(Items from a dataset)

######

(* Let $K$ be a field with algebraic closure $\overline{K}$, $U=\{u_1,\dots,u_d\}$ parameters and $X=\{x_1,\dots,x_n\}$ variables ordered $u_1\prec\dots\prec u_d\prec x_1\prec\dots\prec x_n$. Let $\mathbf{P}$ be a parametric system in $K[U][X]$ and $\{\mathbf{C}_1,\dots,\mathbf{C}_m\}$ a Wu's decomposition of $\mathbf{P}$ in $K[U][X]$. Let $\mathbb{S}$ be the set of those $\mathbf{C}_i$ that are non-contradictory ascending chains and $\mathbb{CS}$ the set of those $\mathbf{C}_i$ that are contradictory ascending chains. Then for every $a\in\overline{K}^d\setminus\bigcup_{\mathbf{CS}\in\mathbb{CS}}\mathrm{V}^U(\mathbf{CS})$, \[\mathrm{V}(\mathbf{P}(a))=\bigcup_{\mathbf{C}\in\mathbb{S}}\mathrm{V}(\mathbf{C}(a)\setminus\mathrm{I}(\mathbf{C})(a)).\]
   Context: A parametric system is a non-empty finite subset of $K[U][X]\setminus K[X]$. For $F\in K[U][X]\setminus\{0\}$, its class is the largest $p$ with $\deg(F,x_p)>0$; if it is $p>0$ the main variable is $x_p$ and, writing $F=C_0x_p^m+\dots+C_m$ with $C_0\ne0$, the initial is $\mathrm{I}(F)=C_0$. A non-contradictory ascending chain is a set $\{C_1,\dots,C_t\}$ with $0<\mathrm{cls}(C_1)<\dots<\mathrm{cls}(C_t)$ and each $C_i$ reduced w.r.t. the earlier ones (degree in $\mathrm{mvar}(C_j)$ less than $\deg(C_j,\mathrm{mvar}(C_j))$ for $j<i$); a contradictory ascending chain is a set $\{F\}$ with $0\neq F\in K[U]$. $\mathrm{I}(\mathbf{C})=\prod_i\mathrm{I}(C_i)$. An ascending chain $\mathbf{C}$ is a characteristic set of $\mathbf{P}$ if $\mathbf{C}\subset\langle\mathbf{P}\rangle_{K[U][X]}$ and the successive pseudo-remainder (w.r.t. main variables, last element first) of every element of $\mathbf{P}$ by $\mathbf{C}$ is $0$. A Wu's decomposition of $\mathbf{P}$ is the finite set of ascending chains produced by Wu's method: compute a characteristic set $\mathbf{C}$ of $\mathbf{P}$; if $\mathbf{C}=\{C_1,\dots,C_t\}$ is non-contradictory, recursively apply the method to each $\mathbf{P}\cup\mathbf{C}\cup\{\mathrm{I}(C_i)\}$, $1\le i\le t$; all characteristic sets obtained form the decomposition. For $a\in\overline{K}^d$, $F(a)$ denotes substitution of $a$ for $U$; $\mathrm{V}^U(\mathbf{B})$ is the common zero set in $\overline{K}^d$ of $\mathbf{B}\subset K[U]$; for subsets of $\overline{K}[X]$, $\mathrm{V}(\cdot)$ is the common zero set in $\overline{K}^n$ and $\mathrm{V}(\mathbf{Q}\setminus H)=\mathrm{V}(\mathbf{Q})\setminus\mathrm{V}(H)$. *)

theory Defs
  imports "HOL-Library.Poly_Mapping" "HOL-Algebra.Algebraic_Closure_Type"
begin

######

Task details: Keeping each word as it stands, transcribe every entry.

Output of the exercise:
(* Let $K$ be a field with algebraic closure $\overline{K}$, $U=\{u_1,\dots,u_d\}$ parameters and $X=\{x_1,\dots,x_n\}$ variables ordered $u_1\prec\dots\prec u_d\prec x_1\prec\dots\prec x_n$. Let $\mathbf{P}$ be a parametric system in $K[U][X]$ and $\{\mathbf{C}_1,\dots,\mathbf{C}_m\}$ a Wu's decomposition of $\mathbf{P}$ in $K[U][X]$. Let $\mathbb{S}$ be the set of those $\mathbf{C}_i$ that are non-contradictory ascending chains and $\mathbb{CS}$ the set of those $\mathbf{C}_i$ that are contradictory ascending chains. Then for every $a\in\overline{K}^d\setminus\bigcup_{\mathbf{CS}\in\mathbb{CS}}\mathrm{V}^U(\mathbf{CS})$, \[\mathrm{V}(\mathbf{P}(a))=\bigcup_{\mathbf{C}\in\mathbb{S}}\mathrm{V}(\mathbf{C}(a)\setminus\mathrm{I}(\mathbf{C})(a)).\]
   Context: A parametric system is a non-empty finite subset of $K[U][X]\setminus K[X]$. For $F\in K[U][X]\setminus\{0\}$, its class is the largest $p$ with $\deg(F,x_p)>0$; if it is $p>0$ the main variable is $x_p$ and, writing $F=C_0x_p^m+\dots+C_m$ with $C_0\ne0$, the initial is $\mathrm{I}(F)=C_0$. A non-contradictory ascending chain is a set $\{C_1,\dots,C_t\}$ with $0<\mathrm{cls}(C_1)<\dots<\mathrm{cls}(C_t)$ and each $C_i$ reduced w.r.t. the earlier ones (degree in $\mathrm{mvar}(C_j)$ less than $\deg(C_j,\mathrm{mvar}(C_j))$ for $j<i$); a contradictory ascending chain is a set $\{F\}$ with $0\neq F\in K[U]$. $\mathrm{I}(\mathbf{C})=\prod_i\mathrm{I}(C_i)$. An ascending chain $\mathbf{C}$ is a characteristic set of $\mathbf{P}$ if $\mathbf{C}\subset\langle\mathbf{P}\rangle_{K[U][X]}$ and the successive pseudo-remainder (w.r.t. main variables, last element first) of every element of $\mathbf{P}$ by $\mathbf{C}$ is $0$. A Wu's decomposition of $\mathbf{P}$ is the finite set of ascending chains produced by Wu's method: compute a characteristic set $\mathbf{C}$ of $\mathbf{P}$; if $\mathbf{C}=\{C_1,\dots,C_t\}$ is non-contradictory, recursively apply the method to each $\mathbf{P}\cup\mathbf{C}\cup\{\mathrm{I}(C_i)\}$, $1\le i\le t$; all characteristic sets obtained form the decomposition. For $a\in\overline{K}^d$, $F(a)$ denotes substitution of $a$ for $U$; $\mathrm{V}^U(\mathbf{B})$ is the common zero set in $\overline{K}^d$ of $\mathbf{B}\subset K[U]$; for subsets of $\overline{K}[X]$, $\mathrm{V}(\cdot)$ is the common zero set in $\overline{K}^n$ and $\mathrm{V}(\mathbf{Q}\setminus H)=\mathrm{V}(\mathbf{Q})\setminus\mathrm{V}(H)$. *)

theory Defs
  imports "HOL-Library.Poly_Mapping" "HOL-Algebra.Algebraic_Closure_Type"
begin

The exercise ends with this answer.